Whether you are a parent or child, we all want to properly enjoy injury-free sports. Unfortunately, certain factors such as overtraining can lead to an increase in injuries. (8) For instance, everyone has seen an overbearing parent who burns their kid out at an early age. Don’t be that person. One study found that lack of sleep is associated with increased injuries in adolescents. (9) Our kids need more sleep! A meta-analysis completed in 2015 found that the prevalence of vitamin D inadequacy in athletes is prominent. (10) In addition to sleep, they also need better eating habits! Proper nutrition, sufficient sleep, adequate water, and properly warming up are the basics. Thus, they should be followed at ANY age. Even more so, it is of utmost importance to have proper bio-mechanics before, during, and after playing such sports. Conditions like pelvic un-leveling, I firmly believe, have caused many of my injuries as an adolescent.
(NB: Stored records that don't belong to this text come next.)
lemma reaction_bounds_of_Ck:
  fixes f :: "real \<times> real \<Rightarrow> real"
  assumes "k \<ge> 2" and hf: "Ck_on k ({0..1} \<times> UNIV) f"
    and "\<forall>x\<in>{0..1}. \<forall>u. ((\<lambda>w. f (x, w)) has_real_derivative fy x u) (at u)"
    and "m > 0" "\<forall>x\<in>{0..1}. \<forall>u. fy x u \<ge> m" "\<forall>x\<in>{0..1}. \<forall>u. \<gamma> \<ge> fy x u"
  obtains B0 B1 where "reaction_bounds m \<gamma> B0 B1 f"
proof -
  obtain j where "k = Suc j" using assms(1) by (cases k) auto
  note Ck = hf[unfolded this]
  have "continuous_on {0..1} (\<lambda>x. f (x, 0))"
    by (rule continuous_on_compose2[OF Ck_on_imp_continuous_on[OF hf]]) (auto intro!: continuous_intros)
  then have "compact ((\<lambda>x. f (x, 0)) ` {0..1})" by (rule compact_continuous_image) simp
  then obtain B0 where B0: "\<And>x. x \<in> {0..1} \<Longrightarrow> \<bar>f (x, 0)\<bar> \<le> B0"
    using compact_imp_bounded bounded_pos by (metis image_eqI real_norm_def)
  obtain B1 where B1: "\<And>x x' u. x \<in> {0..1} \<Longrightarrow> x' \<in> {0..1} \<Longrightarrow> \<bar>u\<bar> \<le> B0 / m \<Longrightarrow>
                         \<bar>f (x, u) - f (x', u)\<bar> \<le> B1 * \<bar>x - x'\<bar>"
    using Ck_on_Suc_lipschitz_first[OF Ck, where M = "B0 / m"] by metis
  have slope: "\<exists>b. m \<le> b \<and> b \<le> \<gamma> \<and> f (x, u) - f (x, v) = b * (u - v)" if "x \<in> {0..1}" for x u v
    by (rule difference_quotient_between) (use assms(3-6) that in auto)
  have "reaction_bounds m \<gamma> B0 B1 f" using \<open>m > 0\<close> slope B0 B1 by unfold_locales
  then show thesis by (rule that)
qed

theorem lemma4:
  fixes f :: "real \<times> real \<Rightarrow> real" and fy :: "real \<Rightarrow> real \<Rightarrow> real"
    and k :: nat and m \<gamma> C0 :: real
  assumes hk: "k \<ge> 2"
    and hf: "Ck_on k ({0..1} \<times> UNIV) f"
    and hfy: "\<forall>x\<in>{0..1}. \<forall>u. ((\<lambda>w. f (x, w)) has_real_derivative fy x u) (at u)"
    and hm: "m > 0"
    and hfym: "\<forall>x\<in>{0..1}. \<forall>u. fy x u \<ge> m"
    and hgamma: "\<forall>x\<in>{0..1}. \<forall>u. \<gamma> \<ge> fy x u"
    and hC0: "C0 > 0"
  shows "\<exists>C>0. \<forall>\<epsilon> (N::nat) y.
           \<epsilon> > 0 \<and> N > 0 \<and> 4 dvd N
           \<and> 2 * \<epsilon> * ln (real N) / sqrt m \<le> 1 / 4
           \<and> \<epsilon> \<le> C0 / real N
           \<and> is_solution \<epsilon> f y
           \<longrightarrow> \<bar>G_op \<gamma> \<epsilon> f N (shishkin_mesh \<epsilon> m N)
                    (\<lambda>i. y (shishkin_mesh \<epsilon> m N i)) (N div 4)\<bar> \<le> C / real N"
proof -
  obtain B0 B1 where "reaction_bounds m \<gamma> B0 B1 f"
    using reaction_bounds_of_Ck[OF hk hf hfy hm hfym hgamma] by blast
  then interpret reaction_bounds m \<gamma> B0 B1 f .
  define W where "W = 2 * B1 + 2 * \<gamma> * (2 * B1 / m + 8 * (B0 / m) * (1 + C0 / sqrt m))"
  have "W \<ge> 0" using B0_nonneg B1_nonneg m_le_gamma hm hC0 by (simp add: W_def)
  show ?thesis
  proof (intro exI[of _ "6 * W + 1"] conjI allI impI)
    fix \<epsilon> :: real and N :: nat and y :: "real \<Rightarrow> real"
    assume "\<epsilon> > 0 \<and> N > 0 \<and> 4 dvd N \<and> 2 * \<epsilon> * ln (real N) / sqrt m \<le> 1 / 4
            \<and> \<epsilon> \<le> C0 / real N \<and> is_solution \<epsilon> f y"
    then have "\<bar>G_op \<gamma> \<epsilon> f N (shishkin_mesh \<epsilon> m N) (\<lambda>i. y (shishkin_mesh \<epsilon> m N i)) (N div 4)\<bar>
                 \<le> 6 * (W / N)"
      using G_op_at_transition_le[of \<epsilon> y N C0] by (simp add: W_def shishkin_lambda_def)
    also have "\<dots> \<le> (6 * W + 1) / N" by (simp add: divide_right_mono)
    finally show "\<bar>G_op \<gamma> \<epsilon> f N (shishkin_mesh \<epsilon> m N) (\<lambda>i. y (shishkin_mesh \<epsilon> m N i)) (N div 4)\<bar>
                    \<le> (6 * W + 1) / real N" .
  qed (use \<open>W \<ge> 0\<close> in simp)
qed

end
(* Let $0<\gamma<1$, integers $n\ge p\ge2$, and $\beta_{\gamma,p}:=\min\left\{\frac{1-\gamma}{2p}\log\bigl(\frac{2p}{p+1}\bigr),\ \frac{1-\gamma}{8p^\gamma(p-1)^{1-\gamma}}\right\}$. Then $$\|C_\gamma^{(p)}\|_{1\to2}^2\le1+\frac{1}{\Gamma(\gamma)^2}H_{p-1}^{(2-2\gamma)}+\frac{1}{\Gamma(\gamma)^2p^{2-2\gamma}}\cdot\frac{1}{\beta_{\gamma,p}(2-\beta_{\gamma,p})},$$ where $H_m^{(s)}:=\sum_{j=1}^m j^{-s}$. Moreover there is an absolute constant $K$ (independent of $n,p,\gamma$) such that $$\|C_\gamma^{(p)}\|_{1\to2}\le\begin{cases}K/\sqrt{1/2-\gamma}, & 0<\gamma<\tfrac12,\\ K\sqrt{\log p}, & \gamma=\tfrac12,\\ K\,p^{\gamma-1/2}\big/\sqrt{(1-\gamma)(\gamma-1/2)}, & \tfrac12<\gamma<1.\end{cases}$$
   Context: $\log$ is the natural logarithm and $\Gamma$ the Gamma function. $(\tilde c_\gamma)_i:=(-1)^i\binom{\gamma}{i}$ with $\binom{\gamma}{i}=\prod_{j=1}^{i}\frac{\gamma+1-j}{j}$. $C_\gamma^{(p)}$ is the inverse of the $n\times n$ lower-triangular Toeplitz matrix whose $r$-th subdiagonal ($r=0$ the main diagonal) equals $(\tilde c_\gamma)_r$ for $r\le p-1$ and $0$ for $r\ge p$. For a matrix $M$, $\|M\|_{1\to2}$ is the maximum $\ell_2$ norm of a column of $M$. *)

theory Defs
  imports "HOL-Analysis.Analysis" "Jordan_Normal_Form.Matrix"
begin

definition ctilde :: "real \<Rightarrow> nat \<Rightarrow> real" where
  "ctilde \<gamma> i = (-1) ^ i * (\<gamma> gchoose i)"

definition toepT :: "real \<Rightarrow> nat \<Rightarrow> nat \<Rightarrow> real mat" where
  "toepT \<gamma> p n = mat n n (\<lambda>(i, j). if j \<le> i \<and> i - j \<le> p - 1 then ctilde \<gamma> (i - j) else 0)"

definition Cmat :: "real \<Rightarrow> nat \<Rightarrow> nat \<Rightarrow> real mat" where
  "Cmat \<gamma> p n = (THE M. M \<in> carrier_mat n n \<and> toepT \<gamma> p n * M = 1\<^sub>m n \<and> M * toepT \<gamma> p n = 1\<^sub>m n)"

definition norm12 :: "real mat \<Rightarrow> real" where
  "norm12 M = Max ((\<lambda>j. sqrt (\<Sum>i<dim_row M. (M $$ (i, j))\<^sup>2)) ` {..<dim_col M})"

definition genHarm :: "nat \<Rightarrow> real \<Rightarrow> real" where
  "genHarm m s = (\<Sum>j=1..m. 1 / (real j) powr s)"

definition betaC :: "real \<Rightarrow> nat \<Rightarrow> real" where
  "betaC \<gamma> p = min ((1 - \<gamma>) / (2 * real p) * ln (2 * real p / (real p + 1)))
                     ((1 - \<gamma>) / (8 * real p powr \<gamma> * (real p - 1) powr (1 - \<gamma>)))"

end

(*
  C is the lower triangular Toeplitz matrix whose first column holds the coefficients c_k of
  1/q, where q is the power series (1 - X)^gamma truncated at degree p - 1.  Every column of C
  is a truncation of the first one, so the squared 1->2 norm is the sum of the c_k^2, k < n.
  All coefficients of q but the first are nonpositive and dominated by those of (1 - X)^gamma,
  so 0 <= c_k <= b_k, where b_k = (gamma)_k / k! are the coefficients of (1 - X)^-gamma; by
  log-convexity of Gamma, b_k <= k^(gamma - 1) / Gamma(gamma).  This bounds the terms k < p.
  For k >= p the recurrence for c_k only looks back fewer than p steps, and for the chosen
  beta the weights -ctilde_r (1 - beta)^-r sum to at most 1; hence c_k decays geometrically,
  c_k <= (1 - beta)^(k - p) b_p, and the tail is a geometric series.  The asymptotic bounds
  then follow from Gamma >= 1 on (0, 1], beta >= (1 - gamma) / (8 p) and comparison of the
  generalised harmonic numbers with integrals.
*)
theory Submission
  imports Defs "HOL-Computational_Algebra.Formal_Power_Series" "Jordan_Normal_Form.Determinant"
begin

section \<open>Lower triangular Toeplitz matrices\<close>

text \<open>Coefficients are written \<open>fps_nth f k\<close>: the notation \<open>f $ k\<close> would clash with
  vector indexing.\<close>
definition lower_toeplitz :: "nat \<Rightarrow> 'a::zero fps \<Rightarrow> 'a mat" where
  "lower_toeplitz n f = mat n n (\<lambda>(i, j). if j \<le> i then fps_nth f (i - j) else 0)"

lemma lower_toeplitz_carrier [simp]: "lower_toeplitz n f \<in> carrier_mat n n"
  and dim_row_lower_toeplitz [simp]: "dim_row (lower_toeplitz n f) = n"
  and dim_col_lower_toeplitz [simp]: "dim_col (lower_toeplitz n f) = n"
  by (simp_all add: lower_toeplitz_def)

lemma lower_toeplitz_mult:
  fixes f g :: "'a::comm_semiring_1 fps"
  shows "lower_toeplitz n f * lower_toeplitz n g = lower_toeplitz n (f * g)"
proof (rule eq_matI)
  fix i j assume "i < dim_row (lower_toeplitz n (f * g))" "j < dim_col (lower_toeplitz n (f * g))"
  then have i: "i < n" and j: "j < n" by (auto simp: lower_toeplitz_def)
  have interval: "{l\<in>{..<n}. j \<le> l \<and> l \<le> i} = {j..i}"
    using i by auto
  have "(lower_toeplitz n f * lower_toeplitz n g) $$ (i, j)
      = (\<Sum>l<n. if j \<le> l \<and> l \<le> i then fps_nth f (i - l) * fps_nth g (l - j) else 0)"
    using i j by (auto simp: lower_toeplitz_def scalar_prod_def atLeast0LessThan intro!: sum.cong)
  also have "\<dots> = (\<Sum>l\<in>{j..i}. fps_nth f (i - l) * fps_nth g (l - j))"
    by (subst interval[symmetric], rule sum.inter_filter[symmetric]) simp
  also have "\<dots> = lower_toeplitz n (f * g) $$ (i, j)"
  proof (cases "j \<le> i")
    case True
    have "(\<Sum>l\<in>{j..i}. fps_nth f (i - l) * fps_nth g (l - j))
        = (\<Sum>r=0..i-j. fps_nth f r * fps_nth g (i - j - r))"
      using True by (intro sum.reindex_bij_witness[of _ "\<lambda>r. i - r" "\<lambda>l. i - l"]) auto
    then show ?thesis using True i j by (simp add: lower_toeplitz_def fps_mult_nth)
  qed (use i j in \<open>simp add: lower_toeplitz_def\<close>)
  finally show "(lower_toeplitz n f * lower_toeplitz n g) $$ (i, j) = lower_toeplitz n (f * g) $$ (i, j)" .
qed (auto simp: lower_toeplitz_def)

lemma lower_toeplitz_1 [simp]: "lower_toeplitz n (1 :: 'a::{zero,one} fps) = 1\<^sub>m n"
  by (rule eq_matI) (auto simp: lower_toeplitz_def)

lemma the_inverse_mat_eqI:
  fixes A B :: "'a::field mat"
  assumes A: "A \<in> carrier_mat n n" and B: "B \<in> carrier_mat n n" and AB: "A * B = 1\<^sub>m n"
  shows "(THE M. M \<in> carrier_mat n n \<and> A * M = 1\<^sub>m n \<and> M * A = 1\<^sub>m n) = B"
proof (rule the_equality)
  show "B \<in> carrier_mat n n \<and> A * B = 1\<^sub>m n \<and> B * A = 1\<^sub>m n"
    using B AB mat_mult_left_right_inverse[OF A B AB] by simp
  fix M assume "M \<in> carrier_mat n n \<and> A * M = 1\<^sub>m n \<and> M * A = 1\<^sub>m n"
  then have M: "M \<in> carrier_mat n n" and MA: "M * A = 1\<^sub>m n" by auto
  have "M = M * (A * B)" using M AB by simp
  also have "\<dots> = (M * A) * B" using M A B by (simp add: assoc_mult_mat)
  finally show "M = B" using MA B by simp
qed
Fortunately, I learned from my mistakes. I maintain a schedule where I get checked frequently by my chiropractor that focuses on structural corrective care. Injuries can affect you as a child and often develop into chronic conditions when you are older. Have fun competing, but take the measures to ensure your health!

Works Cited

1. Harden, Seth. “Youth Sports Statistics.” Statistic Brain, 2015, www.statisticbrain.com/youth-sports-statistics/.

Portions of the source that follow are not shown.